#### [What the task requires]
Word for word, retype the first line of the records and every following line through the one containing "is_forest_nonzero[OF f b] .".

#### [Source records]
lemma is_tree_component:
  assumes f: "is_forest B p" and b: "b \<in> B"
  shows "is_tree (component p b) (parents_on (component p b) p)"
proof -
  let ?C = "component p b"
  have "is_forest (B \<inter> ?C) (parents_on ?C p)"
    using f component_invariant by (rule is_forest_parents_on)
  then have fC: "is_forest ?C (parents_on ?C p)"
    using component_subset[OF f b] by (simp add: Int_absorb1)
  have p0: "p 0 = 0" using is_forest_zero[OF f] .
  have b0: "b \<noteq> 0" using is_forest_nonzero[OF f b] .
  obtain k where "(p ^^ k) b = 0"
    using is_forest_reaches_zero[OF f b] by blast
  then obtain j where j: "(p ^^ j) b \<noteq> 0" "p ((p ^^ j) b) = 0"
    using funpow_last_nonzero b0 by blast
  have "(p ^^ 0) ((p ^^ j) b) = (p ^^ j) b \<and> (p ^^ j) b \<noteq> 0"
    using j(1) by simp
  then have rC: "(p ^^ j) b \<in> ?C"
    unfolding component_def by blast
  have "r = (p ^^ j) b" if r: "r \<in> ?C" "parents_on ?C p r = 0" for r
  proof -
    have pr: "p r = 0"
      using r unfolding parents_on_def by simp
    then obtain j' where "r = (p ^^ j') b" "(p ^^ j') b \<noteq> 0"
      using component_root_on_path[OF p0 r(1)] by blast
    moreover have "j' = j"
      using funpow_last_nonzero_unique[OF p0 _ _ j] pr calculation by simp
    ultimately show ?thesis by simp
  qed
  moreover have "parents_on ?C p ((p ^^ j) b) = 0"
    using j(2) by (simp add: parents_on_def)
  ultimately show ?thesis
    using is_treeI[OF fC rC] by blast
qed

lemma component_glue:
  assumes t: "is_tree C q" and f2: "is_forest D q'" and CD: "C \<inter> D = {}" and b: "b \<in> C"
  shows "component (glue C q q') b = C"
proof
  let ?g = "glue C q q'"
  have f1: "is_forest C q" using is_tree_forest[OF t] .
  note agree = glue_agrees[OF f1 f2 CD]
  have funpow_glue: "(?g ^^ k) v = (q ^^ k) v" if "v \<in> C" for v k
    by (rule funpow_eq_on_invariant[where S = "insert 0 C"])
      (use agree(1) is_forest_parent[OF f1] is_forest_zero[OF f1] that in auto)
  show "component ?g b \<subseteq> C"
  proof
    fix v assume "v \<in> component ?g b"
    then obtain i j where ij: "(?g ^^ i) v = (?g ^^ j) b" "(?g ^^ j) b \<noteq> 0"
      unfolding component_def by blast
    have "(?g ^^ j) b \<in> C"
      using funpow_glue[OF b] is_forest_funpow_in[OF f1, of b j] b ij(2) by simp
    show "v \<in> C"
    proof (rule ccontr)
      assume "v \<notin> C"
      have "?g w \<in> - C" if "w \<in> - C" for w
        using glue_outside[OF f1 f2 CD] that by simp
      then have "(?g ^^ i) v \<in> - C"
        using funpow_in_invariant[of "- C" ?g v i] \<open>v \<notin> C\<close> by blast
      then show False
        using ij(1) \<open>(?g ^^ j) b \<in> C\<close> by simp
    qed
  qed
  show "C \<subseteq> component ?g b"
  proof
    fix v assume v: "v \<in> C"
    obtain i j where "(q ^^ i) v = tree_root C q" "(q ^^ j) b = tree_root C q"
      using is_tree_reaches_root[OF t] v b by metis
    moreover have "tree_root C q \<noteq> 0"
      using is_forest_nonzero[OF f1 tree_root(1)[OF t]] .
    ultimately have "(?g ^^ i) v = (?g ^^ j) b \<and> (?g ^^ j) b \<noteq> 0"
      using funpow_glue[OF v] funpow_glue[OF b] by simp
    then show "v \<in> component ?g b"
      unfolding component_def by blast
  qed
qed

lemma avoiding_forest_split:
  assumes p: "p \<in> avoiding_forests B" and b: "b \<in> B"
  defines "C \<equiv> component p b"
  shows "b \<in> C" "C \<subseteq> B" "parents_on C p \<in> avoiding_trees C"
    "parents_on (B - C) p \<in> avoiding_forests (B - C)"
proof -
  have f: "is_forest B p" and top: "top_minimal p"
    using p unfolding avoiding_forests_def by auto
  show "b \<in> C"
    unfolding C_def using self_in_component is_forest_nonzero[OF f b] by blast
  show sub: "C \<subseteq> B"
    unfolding C_def using component_subset[OF f b] .
  have invC: "\<And>x. x \<in> C \<Longrightarrow> p x \<in> insert 0 C"
    unfolding C_def by (rule component_invariant)
  have invD: "\<And>x. x \<in> B - C \<Longrightarrow> p x \<in> insert 0 (B - C)"
    using is_forest_parent[OF f] component_complement_invariant unfolding C_def by blast
  have "C \<union> (B - C) = B"
    using sub by blast
  then have "top_minimal (parents_on C p) \<and> top_minimal (parents_on (B - C) p)"
    using top_minimal_parents_on_iff[of C "B - C" p] f invC invD top by simp
  moreover have "is_forest (B - C) (parents_on (B - C) p)"
    using is_forest_parents_on[OF f invD] by (simp add: Int_absorb1)
  ultimately show "parents_on C p \<in> avoiding_trees C"
      "parents_on (B - C) p \<in> avoiding_forests (B - C)"
    using is_tree_component[OF f b] unfolding avoiding_trees_def avoiding_forests_def C_def by auto
qed

lemma avoiding_forest_glue:
  assumes C: "C \<subseteq> B" "b \<in> C"
    and q: "q \<in> avoiding_trees C" and q': "q' \<in> avoiding_forests (B - C)"
  shows "glue C q q' \<in> avoiding_forests B" "component (glue C q q') b = C"
    "parents_on C (glue C q q') = q" "parents_on (B - C) (glue C q q') = q'"
proof -
  have t1: "is_tree C q" and f2: "is_forest (B - C) q'"
    and top: "top_minimal q" "top_minimal q'"
    using q q' unfolding avoiding_trees_def avoiding_forests_def by auto
  have f1: "is_forest C q" using is_tree_forest[OF t1] .
  have CD: "C \<inter> (B - C) = {}" by blast
  note agree = glue_agrees[OF f1 f2 CD]
  have "C \<union> (B - C) = B" using C(1) by blast
  then have fg: "is_forest B (glue C q q')"
    using is_forest_glue[OF f1 f2 CD] by simp
  show parts: "parents_on C (glue C q q') = q" "parents_on (B - C) (glue C q q') = q'"
    using parents_on_glue[where q = q and q' = q',
        OF is_forest_outside[OF f1] is_forest_outside[OF f2] CD]
    by blast+
  have invC: "\<And>x. x \<in> C \<Longrightarrow> glue C q q' x \<in> insert 0 C"
    using agree(1) is_forest_parent[OF f1] by simp
  have invD: "\<And>x. x \<in> B - C \<Longrightarrow> glue C q q' x \<in> insert 0 (B - C)"
    using agree(2) is_forest_parent[OF f2] by simp
  have "is_forest (C \<union> (B - C)) (glue C q q')"
    using \<open>C \<union> (B - C) = B\<close> fg by simp
  then have "top_minimal (glue C q q')"
    using top_minimal_parents_on_iff[OF _ invC invD] parts top by simp
  then show "glue C q q' \<in> avoiding_forests B"
    using fg unfolding avoiding_forests_def by simp
  show "component (glue C q q') b = C"
    using component_glue[OF t1 f2 CD C(2)] .
qed

lemma bij_betw_component_split:
  assumes "0 \<notin> B" "b \<in> B"
  shows "bij_betw
    (\<lambda>p. (component p b - {b}, parents_on (component p b) p, parents_on (B - component p b) p))
    (avoiding_forests B)
    (SIGMA S:Pow (B - {b}). avoiding_trees (insert b S) \<times> avoiding_forests (B - insert b S))"
    (is "bij_betw ?split _ ?parts")
proof (rule bij_betw_byWitness[where f' = "\<lambda>(S, q, q'). glue (insert b S) q q'"])
  have ins: "insert b (component p b - {b}) = component p b" if "p \<in> avoiding_forests B" for p
    using avoiding_forest_split(1)[OF that assms(2)] by blast
  have glue: "glue (insert b S) q q' \<in> avoiding_forests B
      \<and> ?split (glue (insert b S) q q') = (S, q, q')"
    if "(S, q, q') \<in> ?parts" for S q q'
  proof -
    have "S \<subseteq> B - {b}" "q \<in> avoiding_trees (insert b S)" "q' \<in> avoiding_forests (B - insert b S)"
      using that by auto
    moreover have "insert b S \<subseteq> B" "b \<in> insert b S" "b \<notin> S"
      using assms(2) calculation(1) by auto
    ultimately show ?thesis
      using avoiding_forest_glue[of "insert b S" B b q q'] by auto
  qed
  show "\<forall>p\<in>avoiding_forests B. (\<lambda>(S, q, q'). glue (insert b S) q q') (?split p) = p"
    using ins glue_parents_on unfolding avoiding_forests_def by auto
  show "?split ` avoiding_forests B \<subseteq> ?parts"
    using avoiding_forest_split[OF _ assms(2)] ins by auto
  show "\<forall>x\<in>?parts. ?split ((\<lambda>(S, q, q'). glue (insert b S) q q') x) = x"
    using glue by auto
  show "(\<lambda>(S, q, q'). glue (insert b S) q q') ` ?parts \<subseteq> avoiding_forests B"
    using glue by auto
qed
(* For every $3\le n\le N$, as identities of rational functions of $x$, $$x\nabla\mathbb K_n(x)=\mathscr E_{1,n}(x)K_n(x)+\mathscr F_{1,n}(x)K_{n-1}(x),\qquad x\nabla\mathbb K_{n-1}(x)=\mathscr E_{2,n}(x)K_n(x)+\mathscr F_{2,n}(x)K_{n-1}(x).$$
   Context: Fix an integer $N\ge 1$ and $0<p<1$. Notation: $(a)_0=1$, $(a)_k=a(a+1)\cdots(a+k-1)$ (Pochhammer symbol); $[z]_0=1$, $[z]_k=z(z-1)\cdots(z-k+1)$ (falling factorial). For a function $f$, $\Delta f(x)=f(x+1)-f(x)$, $\nabla f(x)=f(x)-f(x-1)$, $\Delta^0$ is the identity and $\Delta^k=\Delta\circ\Delta^{k-1}$. For $0\le n\le N$ the monic Kravchuk polynomial is $K_n(x)=p^n(-N)_n\sum_{k=0}^{n}\frac{(-n)_k(-x)_k}{(-N)_k\,k!}p^{-k}$, and $K_{-1}=0$; these are monic of degree $n$ and orthogonal on $\{0,\dots,N\}$ with respect to the binomial weight $w(x)=\binom{N}{x}p^x(1-p)^{N-x}$, with $\|K_n\|^2=\sum_{x=0}^N K_n(x)^2w(x)=n!(-N)_np^n(p-1)^n$. They satisfy $xK_n=K_{n+1}+\alpha_nK_n+\beta_nK_{n-1}$ with $\alpha_n=p(N-n)+n(1-p)$, $\beta_n=np(1-p)(N-n+1)$. For $1\le n\le N+1$ and integers $i,l\ge0$, $\mathscr K_{n-1}^{(i,l)}(x,y)=\sum_{k=0}^{n-1}\frac{\Delta^iK_k(x)\,\Delta^lK_k(y)}{\|K_k\|^2}$. Fix $\lambda,\mu>0$ and an integer $j\ge 0$. On real polynomials define $\langle f,g\rangle_{\lambda,\mu}=\sum_{x=0}^N f(x)g(x)w(x)+\lambda\Delta^jf(0)\Delta^jg(0)+\mu\Delta^jf(N)\Delta^jg(N)$. For $0\le n\le N$, $\mathbb K_n=\mathbb K_n^{(j)}$ is the monic polynomial of degree $n$ with $\langle\mathbb K_n,q\rangle_{\lambda,\mu}=0$ for all polynomials $q$ of degree $<n$ (Kravchuk–Sobolev polynomials). For $1\le n\le N$: $\mathscr A_n(x,y)=\frac{j!}{\|K_{n-1}\|^2[x-y]_{j+1}}\sum_{k=0}^{j}\frac{\Delta^kK_{n-1}(y)}{k!}[x-y]_k$, $\mathscr B_n(x,y)=-\frac{j!}{\|K_{n-1}\|^2[x-y]_{j+1}}\sum_{k=0}^{j}\frac{\Delta^kK_{n}(y)}{k!}[x-y]_k$; $k_{00}=\mathscr K^{(j,j)}_{n-1}(0,0)$, $k_{0N}=\mathscr K^{(j,j)}_{n-1}(0,N)$, $k_{N0}=\mathscr K^{(j,j)}_{n-1}(N,0)$, $k_{NN}=\mathscr K^{(j,j)}_{n-1}(N,N)$, $d_0=\Delta^jK_n(0)$, $d_N=\Delta^jK_n(N)$, $\delta_n=(1+\lambda k_{00})(1+\mu k_{NN})-\lambda\mu k_{0N}k_{N0}$ (which is nonzero), $\Phi_1(n)=\frac{d_0(1+\mu k_{NN})-\mu k_{0N}d_N}{\delta_n}$, $\Phi_2(n)=\frac{(1+\lambda k_{00})d_N-\lambda k_{N0}d_0}{\delta_n}$; $\mathscr C_{1,n}(x)=1-\lambda\Phi_1(n)\mathscr A_n(x,0)-\mu\Phi_2(n)\mathscr A_n(x,N)$ and $\mathscr D_{1,n}(x)=-\lambda\Phi_1(n)\mathscr B_n(x,0)-\mu\Phi_2(n)\mathscr B_n(x,N)$. For $2\le m\le N$ define $\mathscr E_{1,m}(x)=x\nabla\mathscr C_{1,m}(x)+m\,\mathscr C_{1,m}(x-1)-\frac{(m-1)p(N-m+2)\mathscr D_{1,m}(x-1)}{\beta_{m-1}}$ and $\mathscr F_{1,m}(x)=x\nabla\mathscr D_{1,m}(x)+mp(N-m+1)\mathscr C_{1,m}(x-1)+\frac{(m-1)p(N-m+2)(x-\alpha_{m-1})\mathscr D_{1,m}(x-1)}{\beta_{m-1}}+(m-1)\mathscr D_{1,m}(x-1)$. For $3\le n\le N$ define $\mathscr E_{2,n}(x)=-\frac{\mathscr F_{1,n-1}(x)}{\beta_{n-1}}$ and $\mathscr F_{2,n}(x)=\mathscr E_{1,n-1}(x)+\mathscr E_{2,n}(x)(\alpha_{n-1}-x)$. *)

theory Defs
  imports Complex_Main "HOL-Computational_Algebra.Polynomial"
begin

#### [Worked solution]
lemma is_tree_component:
  assumes f: "is_forest B p" and b: "b \<in> B"
  shows "is_tree (component p b) (parents_on (component p b) p)"
proof -
  let ?C = "component p b"
  have "is_forest (B \<inter> ?C) (parents_on ?C p)"
    using f component_invariant by (rule is_forest_parents_on)
  then have fC: "is_forest ?C (parents_on ?C p)"
    using component_subset[OF f b] by (simp add: Int_absorb1)
  have p0: "p 0 = 0" using is_forest_zero[OF f] .
  have b0: "b \<noteq> 0" using is_forest_nonzero[OF f b] .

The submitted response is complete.